*TASK*: Quote exactly and only this range of lines in the data below: the line that holds "0) = (\<lambda>g" to the line that holds "(BF 2) (BF 1)", both included.

*DATA*:
-- -- --
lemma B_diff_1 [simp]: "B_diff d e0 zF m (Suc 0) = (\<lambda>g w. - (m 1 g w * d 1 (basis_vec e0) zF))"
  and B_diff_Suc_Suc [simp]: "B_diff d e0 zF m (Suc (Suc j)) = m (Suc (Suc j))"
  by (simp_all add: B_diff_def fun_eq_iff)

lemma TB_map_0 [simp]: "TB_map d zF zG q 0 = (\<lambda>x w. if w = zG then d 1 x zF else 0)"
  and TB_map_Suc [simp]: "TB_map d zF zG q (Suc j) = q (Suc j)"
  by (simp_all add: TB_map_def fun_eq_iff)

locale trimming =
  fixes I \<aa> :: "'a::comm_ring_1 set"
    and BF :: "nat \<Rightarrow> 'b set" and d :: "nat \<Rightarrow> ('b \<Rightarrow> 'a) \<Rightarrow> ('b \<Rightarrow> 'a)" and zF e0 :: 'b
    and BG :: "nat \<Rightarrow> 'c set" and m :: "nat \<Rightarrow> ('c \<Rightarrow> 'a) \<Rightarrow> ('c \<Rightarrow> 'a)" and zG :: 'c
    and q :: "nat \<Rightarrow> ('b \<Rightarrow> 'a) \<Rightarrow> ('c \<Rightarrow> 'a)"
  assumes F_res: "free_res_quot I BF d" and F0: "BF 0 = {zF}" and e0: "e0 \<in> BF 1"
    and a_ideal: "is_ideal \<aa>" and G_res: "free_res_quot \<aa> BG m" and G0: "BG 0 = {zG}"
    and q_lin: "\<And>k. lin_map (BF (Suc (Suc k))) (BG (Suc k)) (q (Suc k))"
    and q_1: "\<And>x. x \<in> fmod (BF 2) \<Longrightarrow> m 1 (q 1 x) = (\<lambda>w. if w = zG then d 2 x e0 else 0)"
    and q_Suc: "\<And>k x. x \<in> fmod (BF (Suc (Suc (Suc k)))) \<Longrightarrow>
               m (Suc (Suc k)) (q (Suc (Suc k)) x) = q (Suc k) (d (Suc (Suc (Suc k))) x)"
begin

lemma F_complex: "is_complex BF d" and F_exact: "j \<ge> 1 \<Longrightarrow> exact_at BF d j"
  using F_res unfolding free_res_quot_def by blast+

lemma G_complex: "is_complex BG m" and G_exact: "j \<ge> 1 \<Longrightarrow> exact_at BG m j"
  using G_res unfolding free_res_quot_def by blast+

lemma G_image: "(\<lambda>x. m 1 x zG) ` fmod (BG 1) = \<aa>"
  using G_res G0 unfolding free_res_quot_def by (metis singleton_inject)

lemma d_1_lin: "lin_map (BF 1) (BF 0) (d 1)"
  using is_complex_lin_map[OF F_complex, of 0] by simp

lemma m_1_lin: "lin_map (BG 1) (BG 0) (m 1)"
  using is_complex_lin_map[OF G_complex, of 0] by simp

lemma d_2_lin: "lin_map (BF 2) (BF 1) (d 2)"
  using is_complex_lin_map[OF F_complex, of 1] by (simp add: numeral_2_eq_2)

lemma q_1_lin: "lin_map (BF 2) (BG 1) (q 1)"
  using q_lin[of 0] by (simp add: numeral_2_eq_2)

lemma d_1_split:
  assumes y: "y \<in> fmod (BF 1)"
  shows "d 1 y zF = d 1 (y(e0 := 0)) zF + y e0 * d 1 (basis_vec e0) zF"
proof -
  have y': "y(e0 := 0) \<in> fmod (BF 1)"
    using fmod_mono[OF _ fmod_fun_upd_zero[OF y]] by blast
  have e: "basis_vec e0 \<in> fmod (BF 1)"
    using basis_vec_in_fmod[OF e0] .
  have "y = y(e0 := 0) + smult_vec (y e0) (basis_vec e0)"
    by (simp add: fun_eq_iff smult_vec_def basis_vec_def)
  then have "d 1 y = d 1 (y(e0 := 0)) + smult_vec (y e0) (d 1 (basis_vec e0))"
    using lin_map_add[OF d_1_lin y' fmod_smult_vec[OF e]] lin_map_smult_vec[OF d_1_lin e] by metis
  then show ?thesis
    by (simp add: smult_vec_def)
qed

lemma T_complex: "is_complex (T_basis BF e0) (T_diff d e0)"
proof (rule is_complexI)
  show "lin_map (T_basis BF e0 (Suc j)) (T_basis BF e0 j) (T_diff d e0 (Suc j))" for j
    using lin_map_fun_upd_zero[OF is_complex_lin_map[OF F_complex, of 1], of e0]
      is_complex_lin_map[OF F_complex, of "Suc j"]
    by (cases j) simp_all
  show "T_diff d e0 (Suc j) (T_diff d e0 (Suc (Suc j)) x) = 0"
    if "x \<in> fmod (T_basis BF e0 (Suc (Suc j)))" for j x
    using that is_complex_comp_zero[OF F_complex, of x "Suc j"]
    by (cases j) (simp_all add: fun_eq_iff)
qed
-- -- --
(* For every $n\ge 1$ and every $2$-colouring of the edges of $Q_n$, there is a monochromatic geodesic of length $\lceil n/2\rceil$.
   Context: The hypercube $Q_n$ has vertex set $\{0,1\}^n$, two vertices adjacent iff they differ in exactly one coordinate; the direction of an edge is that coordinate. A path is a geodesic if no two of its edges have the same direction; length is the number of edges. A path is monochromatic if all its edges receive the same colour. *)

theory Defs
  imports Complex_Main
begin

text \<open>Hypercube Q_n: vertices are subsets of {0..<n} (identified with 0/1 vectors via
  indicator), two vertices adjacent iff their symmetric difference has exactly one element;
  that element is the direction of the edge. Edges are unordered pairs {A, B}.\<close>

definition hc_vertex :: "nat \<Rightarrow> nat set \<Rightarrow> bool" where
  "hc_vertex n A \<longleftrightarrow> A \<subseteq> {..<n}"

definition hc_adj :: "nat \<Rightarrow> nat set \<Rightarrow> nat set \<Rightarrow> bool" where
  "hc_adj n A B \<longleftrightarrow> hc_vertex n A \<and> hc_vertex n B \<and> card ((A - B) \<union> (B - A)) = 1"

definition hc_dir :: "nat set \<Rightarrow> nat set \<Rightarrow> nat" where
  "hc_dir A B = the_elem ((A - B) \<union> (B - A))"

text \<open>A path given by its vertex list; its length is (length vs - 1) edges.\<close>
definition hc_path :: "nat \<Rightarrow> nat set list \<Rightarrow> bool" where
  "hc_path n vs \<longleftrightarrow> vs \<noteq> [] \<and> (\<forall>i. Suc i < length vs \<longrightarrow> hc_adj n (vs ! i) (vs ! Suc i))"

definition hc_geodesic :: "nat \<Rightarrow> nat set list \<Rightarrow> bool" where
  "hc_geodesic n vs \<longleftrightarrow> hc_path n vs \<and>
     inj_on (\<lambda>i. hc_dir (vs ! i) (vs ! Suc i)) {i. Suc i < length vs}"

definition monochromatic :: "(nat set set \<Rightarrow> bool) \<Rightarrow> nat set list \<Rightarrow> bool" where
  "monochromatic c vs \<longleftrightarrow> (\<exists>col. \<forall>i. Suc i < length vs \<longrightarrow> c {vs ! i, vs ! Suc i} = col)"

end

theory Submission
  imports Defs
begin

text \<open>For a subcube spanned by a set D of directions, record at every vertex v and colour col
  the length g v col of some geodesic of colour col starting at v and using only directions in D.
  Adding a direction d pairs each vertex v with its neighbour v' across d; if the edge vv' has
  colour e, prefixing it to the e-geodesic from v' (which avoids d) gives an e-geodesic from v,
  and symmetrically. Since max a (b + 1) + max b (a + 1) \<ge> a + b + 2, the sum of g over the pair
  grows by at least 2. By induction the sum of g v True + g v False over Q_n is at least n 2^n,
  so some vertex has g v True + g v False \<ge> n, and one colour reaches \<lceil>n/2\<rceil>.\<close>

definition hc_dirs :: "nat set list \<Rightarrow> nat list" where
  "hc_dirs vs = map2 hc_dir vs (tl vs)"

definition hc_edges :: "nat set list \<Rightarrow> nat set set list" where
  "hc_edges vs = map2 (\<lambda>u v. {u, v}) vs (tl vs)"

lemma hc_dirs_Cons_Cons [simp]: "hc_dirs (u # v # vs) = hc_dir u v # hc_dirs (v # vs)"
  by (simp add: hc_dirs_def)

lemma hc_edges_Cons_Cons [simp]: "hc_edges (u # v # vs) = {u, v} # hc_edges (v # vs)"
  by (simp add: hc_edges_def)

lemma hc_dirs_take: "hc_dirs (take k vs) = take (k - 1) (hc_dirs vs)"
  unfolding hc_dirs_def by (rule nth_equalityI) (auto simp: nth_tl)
-- -- --
*ANSWER TO THE EXERCISE*:
lemma B_diff_1 [simp]: "B_diff d e0 zF m (Suc 0) = (\<lambda>g w. - (m 1 g w * d 1 (basis_vec e0) zF))"
  and B_diff_Suc_Suc [simp]: "B_diff d e0 zF m (Suc (Suc j)) = m (Suc (Suc j))"
  by (simp_all add: B_diff_def fun_eq_iff)

lemma TB_map_0 [simp]: "TB_map d zF zG q 0 = (\<lambda>x w. if w = zG then d 1 x zF else 0)"
  and TB_map_Suc [simp]: "TB_map d zF zG q (Suc j) = q (Suc j)"
  by (simp_all add: TB_map_def fun_eq_iff)

locale trimming =
  fixes I \<aa> :: "'a::comm_ring_1 set"
    and BF :: "nat \<Rightarrow> 'b set" and d :: "nat \<Rightarrow> ('b \<Rightarrow> 'a) \<Rightarrow> ('b \<Rightarrow> 'a)" and zF e0 :: 'b
    and BG :: "nat \<Rightarrow> 'c set" and m :: "nat \<Rightarrow> ('c \<Rightarrow> 'a) \<Rightarrow> ('c \<Rightarrow> 'a)" and zG :: 'c
    and q :: "nat \<Rightarrow> ('b \<Rightarrow> 'a) \<Rightarrow> ('c \<Rightarrow> 'a)"
  assumes F_res: "free_res_quot I BF d" and F0: "BF 0 = {zF}" and e0: "e0 \<in> BF 1"
    and a_ideal: "is_ideal \<aa>" and G_res: "free_res_quot \<aa> BG m" and G0: "BG 0 = {zG}"
    and q_lin: "\<And>k. lin_map (BF (Suc (Suc k))) (BG (Suc k)) (q (Suc k))"
    and q_1: "\<And>x. x \<in> fmod (BF 2) \<Longrightarrow> m 1 (q 1 x) = (\<lambda>w. if w = zG then d 2 x e0 else 0)"
    and q_Suc: "\<And>k x. x \<in> fmod (BF (Suc (Suc (Suc k)))) \<Longrightarrow>
               m (Suc (Suc k)) (q (Suc (Suc k)) x) = q (Suc k) (d (Suc (Suc (Suc k))) x)"
begin

lemma F_complex: "is_complex BF d" and F_exact: "j \<ge> 1 \<Longrightarrow> exact_at BF d j"
  using F_res unfolding free_res_quot_def by blast+

lemma G_complex: "is_complex BG m" and G_exact: "j \<ge> 1 \<Longrightarrow> exact_at BG m j"
  using G_res unfolding free_res_quot_def by blast+

lemma G_image: "(\<lambda>x. m 1 x zG) ` fmod (BG 1) = \<aa>"
  using G_res G0 unfolding free_res_quot_def by (metis singleton_inject)

lemma d_1_lin: "lin_map (BF 1) (BF 0) (d 1)"
  using is_complex_lin_map[OF F_complex, of 0] by simp

lemma m_1_lin: "lin_map (BG 1) (BG 0) (m 1)"
  using is_complex_lin_map[OF G_complex, of 0] by simp

lemma d_2_lin: "lin_map (BF 2) (BF 1) (d 2)"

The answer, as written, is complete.